I did however appreciate that Utah Attorney General Assistant that issued the biased report was there so I could address him personally. I was told I would now have to go through various channels because I filed a Notice of Claim, but I at least got to say, "you assumed things about me that aren't true," ask him why he never bothered to consult with/interview me (when he said his decisions were based on what was presented to him), and I got to tell him that his report had many errors and misrepresentations. I told him to read the part of his report where he explains what the officers job was, because that was exactly my complaint: the officer did not do those things- "but then you dismissed my complaint" I reminded him. This attorney was much more professional and seemed more genuinely nice. I appreciated him for listening and explaining things politely, and even taking some time to respectfully listen. I was still mad at him for his part in all of this, but I felt some respect for him. 

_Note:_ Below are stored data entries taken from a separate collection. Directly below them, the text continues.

theorem proposition4p9:
  fixes F :: "complex ^ 'n::finite \<Rightarrow> complex ^ 'n"
    and JF :: "complex ^ 'n \<Rightarrow> complex ^ 'n ^ 'n"
    and FI :: "cint ^ 'n \<Rightarrow> cint ^ 'n"
    and JFI :: "cint ^ 'n \<Rightarrow> cint ^ 'n ^ 'n"
    and I :: "cint ^ 'n"
    and xt xstar x :: "complex ^ 'n"
    and Y :: "complex ^ 'n ^ 'n"
    and xs :: "nat \<Rightarrow> complex ^ 'n"
  assumes "poly_system F"
    and "is_jacobian F JF"
    and "vec_enclosure F FI"
    and "mat_enclosure JF JFI"
    and "ivec_valid I"
    and "vmem xt I"
    and "invertible Y"
    and "ivec_subset (krawczyk FI JFI xt Y I) I"
    and "sqrt 2 * inorm_inf (msub mid (mmmul (mpt Y) (JFI I))) < 1"
    and "vmem xstar I" and "F xstar = 0"
    and "vmem x I"
    and "xs 0 = x"
    and "\<And>i. xs (Suc i) = xs i - Y *v F (xs i)"
  shows "xs \<longlonglongrightarrow> xstar
    \<and> (\<exists>c C. 0 \<le> c \<and> c < 1 \<and> (\<forall>i. vnorm_inf (xs i - xstar) \<le> C * c ^ i))"
proof -
  define G where "G z = z - Y *v F z" for z
  define c where "c = max 0 (sqrt 2 * inorm_inf (msub mid (mmmul (mpt Y) (JFI I))))"
  have c: "0 \<le> c" "c < 1"
    using assms(9) unfolding c_def by auto
  have maps_into: "vmem (G z) I" if "vmem z I" for z
    using vmem_ivec_subset[OF assms(8) vmem_newton_map_krawczyk[OF assms(2-6) that]]
    unfolding G_def .
  have fixed: "G xstar = xstar"
    using assms(11) by (simp add: G_def)
  have contracts: "vnorm_inf (G z - xstar) \<le> c * vnorm_inf (z - xstar)" if "vmem z I" for z
  proof -
    have "vnorm_inf (G z - G xstar)
        \<le> sqrt 2 * inorm_inf (msub mid (mmmul (mpt Y) (JFI I))) * vnorm_inf (z - xstar)"
      unfolding G_def by (rule vnorm_inf_newton_map_diff_le[OF assms(2,4,5,10) that])
    also have "\<dots> \<le> c * vnorm_inf (z - xstar)"
      unfolding c_def by (intro mult_right_mono vnorm_inf_nonneg) auto
    finally show ?thesis
      by (simp only: fixed)
  qed
  have step: "xs (Suc i) = G (xs i)" for i
    using assms(14) by (simp add: G_def)
  have decay: "vnorm_inf (xs i - xstar) \<le> vnorm_inf (x - xstar) * c ^ i" for i
    using iterates_geometric_decay[of "\<lambda>z. vmem z I" G "\<lambda>z. vnorm_inf (z - xstar)" c xs,
        OF maps_into contracts c(1) assms(12)[folded assms(13)] step] assms(13) by simp
  show ?thesis
    using LIMSEQ_if_vnorm_inf_geometric[OF decay c] decay c by blast
qed

end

Then I left and thought of all the things I wish I had said... but that's the thing about intentionally and/or negligently inflicted emotional distress; it comes out and can be hard to contain. I wish I had been on my game and been able to say in that moment to the snarky young attorney, "you see, that's one of the problems for us TBI survivors, its a lot harder to hide our emotional distress. Especially from those people and institutions who have caused it. Now how about you document your witnessing it. Thanks." 

I also wish I would have remembered to tell them that while it may be a game to them, they are messing with peoples lives and livelihoods. And USU has been screwing with mine (and my kids) in egregious ways for the past year plus. This is not a game to me. 

I maybe would have also liked to have said "Yes, I am and will be representing myself because despite so many University employees' false beliefs about me, I am competent and intelligent enough to do so." but my blood was boiling to much to reply so cleverly when the arrogant young attorney asked if I had an attorney.  

I hope they read this so they can hear those things that needed to be said.  But I did not beat myself up for not saying them. I won't let them have that power over me and when I left I was actually quite relieved and it felt good. A weight had lifted and I felt a soft tingling wave of pride, peace, and hope wash over me as I drove away and allowed myself to feel whatever it was that I needed to feel in that moment.  It was nice.

A confirmation that I am doing the right thing. 

So I fight because Goliath does not scare me and I am fighting for so much more than just me and for financial reparation.